## TASK ITEM
Only the lines from the one containing "then obtain s" through the one containing "using injections_Suc_restrict(1)[OF s]" should be printed, exactly as they appear below, with both ends included.

## PROVIDED INFORMATION

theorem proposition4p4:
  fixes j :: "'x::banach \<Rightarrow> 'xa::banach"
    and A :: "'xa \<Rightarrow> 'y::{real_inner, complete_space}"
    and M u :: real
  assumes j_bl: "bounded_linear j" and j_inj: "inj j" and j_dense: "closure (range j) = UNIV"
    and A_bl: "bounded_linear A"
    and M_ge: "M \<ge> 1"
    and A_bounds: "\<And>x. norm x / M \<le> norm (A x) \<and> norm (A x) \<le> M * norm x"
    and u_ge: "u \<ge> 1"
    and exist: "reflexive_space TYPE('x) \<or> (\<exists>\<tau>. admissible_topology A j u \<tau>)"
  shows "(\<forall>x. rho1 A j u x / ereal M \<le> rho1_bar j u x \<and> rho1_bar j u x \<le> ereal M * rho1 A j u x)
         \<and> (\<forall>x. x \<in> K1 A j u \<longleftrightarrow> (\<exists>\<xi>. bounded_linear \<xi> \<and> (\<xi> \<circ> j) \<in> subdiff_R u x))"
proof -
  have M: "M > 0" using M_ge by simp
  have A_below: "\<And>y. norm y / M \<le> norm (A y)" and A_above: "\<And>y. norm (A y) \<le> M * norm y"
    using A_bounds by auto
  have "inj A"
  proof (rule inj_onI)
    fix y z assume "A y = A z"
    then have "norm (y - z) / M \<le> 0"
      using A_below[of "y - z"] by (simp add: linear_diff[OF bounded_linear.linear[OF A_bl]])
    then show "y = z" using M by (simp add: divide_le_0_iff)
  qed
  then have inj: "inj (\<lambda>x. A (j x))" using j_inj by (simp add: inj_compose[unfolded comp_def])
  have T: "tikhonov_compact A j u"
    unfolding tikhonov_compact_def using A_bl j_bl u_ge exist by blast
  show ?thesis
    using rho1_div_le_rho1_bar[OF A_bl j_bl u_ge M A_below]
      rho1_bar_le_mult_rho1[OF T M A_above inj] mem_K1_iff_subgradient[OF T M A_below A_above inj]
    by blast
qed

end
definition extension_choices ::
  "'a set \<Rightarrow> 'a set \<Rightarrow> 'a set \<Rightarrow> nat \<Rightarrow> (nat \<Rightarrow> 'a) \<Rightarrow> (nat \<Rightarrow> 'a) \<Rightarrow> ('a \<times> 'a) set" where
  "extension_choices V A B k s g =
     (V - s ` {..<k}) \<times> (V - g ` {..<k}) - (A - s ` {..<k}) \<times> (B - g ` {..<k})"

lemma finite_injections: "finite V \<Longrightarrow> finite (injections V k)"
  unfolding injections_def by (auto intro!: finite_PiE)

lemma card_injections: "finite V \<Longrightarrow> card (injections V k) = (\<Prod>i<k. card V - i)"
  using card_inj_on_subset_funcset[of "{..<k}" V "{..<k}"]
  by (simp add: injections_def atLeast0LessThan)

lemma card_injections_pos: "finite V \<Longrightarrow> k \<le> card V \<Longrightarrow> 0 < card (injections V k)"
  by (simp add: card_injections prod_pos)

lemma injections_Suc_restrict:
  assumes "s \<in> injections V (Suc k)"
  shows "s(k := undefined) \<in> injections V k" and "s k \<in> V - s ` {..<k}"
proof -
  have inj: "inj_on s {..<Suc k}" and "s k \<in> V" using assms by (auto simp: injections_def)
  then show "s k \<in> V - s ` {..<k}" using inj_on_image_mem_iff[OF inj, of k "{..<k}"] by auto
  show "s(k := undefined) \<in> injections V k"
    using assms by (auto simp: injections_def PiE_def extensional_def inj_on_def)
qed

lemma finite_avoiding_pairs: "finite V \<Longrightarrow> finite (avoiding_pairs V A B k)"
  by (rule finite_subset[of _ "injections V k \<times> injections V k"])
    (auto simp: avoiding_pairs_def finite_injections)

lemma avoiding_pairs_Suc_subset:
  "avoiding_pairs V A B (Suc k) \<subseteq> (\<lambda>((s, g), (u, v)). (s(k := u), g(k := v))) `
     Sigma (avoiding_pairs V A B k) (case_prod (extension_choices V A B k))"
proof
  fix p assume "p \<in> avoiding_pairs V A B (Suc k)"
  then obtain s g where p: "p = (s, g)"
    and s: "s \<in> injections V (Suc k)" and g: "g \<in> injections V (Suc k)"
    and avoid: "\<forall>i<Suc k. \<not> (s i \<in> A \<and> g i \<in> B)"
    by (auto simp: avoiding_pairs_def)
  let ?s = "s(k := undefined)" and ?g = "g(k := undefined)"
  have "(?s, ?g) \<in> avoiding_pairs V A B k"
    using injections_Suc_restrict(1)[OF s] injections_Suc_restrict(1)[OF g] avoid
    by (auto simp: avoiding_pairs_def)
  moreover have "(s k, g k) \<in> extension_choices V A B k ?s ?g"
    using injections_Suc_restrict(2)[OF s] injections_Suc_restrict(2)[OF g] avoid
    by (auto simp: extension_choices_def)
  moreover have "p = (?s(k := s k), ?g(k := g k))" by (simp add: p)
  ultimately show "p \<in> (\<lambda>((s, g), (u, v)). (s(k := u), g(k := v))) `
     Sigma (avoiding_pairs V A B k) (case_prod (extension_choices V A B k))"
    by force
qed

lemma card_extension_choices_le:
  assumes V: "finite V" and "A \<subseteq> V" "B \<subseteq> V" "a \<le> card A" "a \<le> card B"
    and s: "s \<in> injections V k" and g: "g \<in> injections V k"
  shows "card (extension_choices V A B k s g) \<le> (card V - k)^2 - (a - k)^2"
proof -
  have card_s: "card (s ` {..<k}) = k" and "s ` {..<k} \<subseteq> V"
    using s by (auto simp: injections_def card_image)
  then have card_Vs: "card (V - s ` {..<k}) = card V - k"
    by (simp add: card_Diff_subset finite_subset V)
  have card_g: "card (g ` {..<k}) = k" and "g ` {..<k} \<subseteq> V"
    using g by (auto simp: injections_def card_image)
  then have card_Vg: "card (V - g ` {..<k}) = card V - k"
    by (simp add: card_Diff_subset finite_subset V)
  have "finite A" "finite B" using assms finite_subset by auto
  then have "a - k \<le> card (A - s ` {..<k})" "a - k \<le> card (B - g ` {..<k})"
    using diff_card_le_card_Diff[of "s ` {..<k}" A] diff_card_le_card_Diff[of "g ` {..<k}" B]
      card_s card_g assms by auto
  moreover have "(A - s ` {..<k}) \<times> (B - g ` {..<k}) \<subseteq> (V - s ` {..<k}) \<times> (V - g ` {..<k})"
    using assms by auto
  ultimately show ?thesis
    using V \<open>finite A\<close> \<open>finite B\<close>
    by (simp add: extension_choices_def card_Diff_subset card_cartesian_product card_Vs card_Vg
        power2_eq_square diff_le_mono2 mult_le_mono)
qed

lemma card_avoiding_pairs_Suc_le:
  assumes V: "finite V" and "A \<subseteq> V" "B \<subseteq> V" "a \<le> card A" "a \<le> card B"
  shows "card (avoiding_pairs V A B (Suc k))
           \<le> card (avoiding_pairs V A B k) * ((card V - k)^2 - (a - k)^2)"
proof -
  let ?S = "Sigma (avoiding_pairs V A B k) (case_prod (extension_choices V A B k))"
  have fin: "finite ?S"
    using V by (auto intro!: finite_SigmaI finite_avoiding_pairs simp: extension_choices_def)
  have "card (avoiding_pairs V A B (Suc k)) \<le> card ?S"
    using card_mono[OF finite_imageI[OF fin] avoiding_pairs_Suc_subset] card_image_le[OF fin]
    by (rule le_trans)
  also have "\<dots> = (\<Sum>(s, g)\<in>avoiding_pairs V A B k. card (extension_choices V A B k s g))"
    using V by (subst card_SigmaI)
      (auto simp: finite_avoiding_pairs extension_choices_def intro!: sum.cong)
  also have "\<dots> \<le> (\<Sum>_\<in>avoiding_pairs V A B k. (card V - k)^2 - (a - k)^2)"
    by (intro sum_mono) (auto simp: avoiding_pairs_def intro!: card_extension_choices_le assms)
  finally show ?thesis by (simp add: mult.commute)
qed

## RESULT FOR THIS TASK
  then obtain s g where p: "p = (s, g)"
    and s: "s \<in> injections V (Suc k)" and g: "g \<in> injections V (Suc k)"
    and avoid: "\<forall>i<Suc k. \<not> (s i \<in> A \<and> g i \<in> B)"
    by (auto simp: avoiding_pairs_def)
  let ?s = "s(k := undefined)" and ?g = "g(k := undefined)"
  have "(?s, ?g) \<in> avoiding_pairs V A B k"
    using injections_Suc_restrict(1)[OF s] injections_Suc_restrict(1)[OF g] avoid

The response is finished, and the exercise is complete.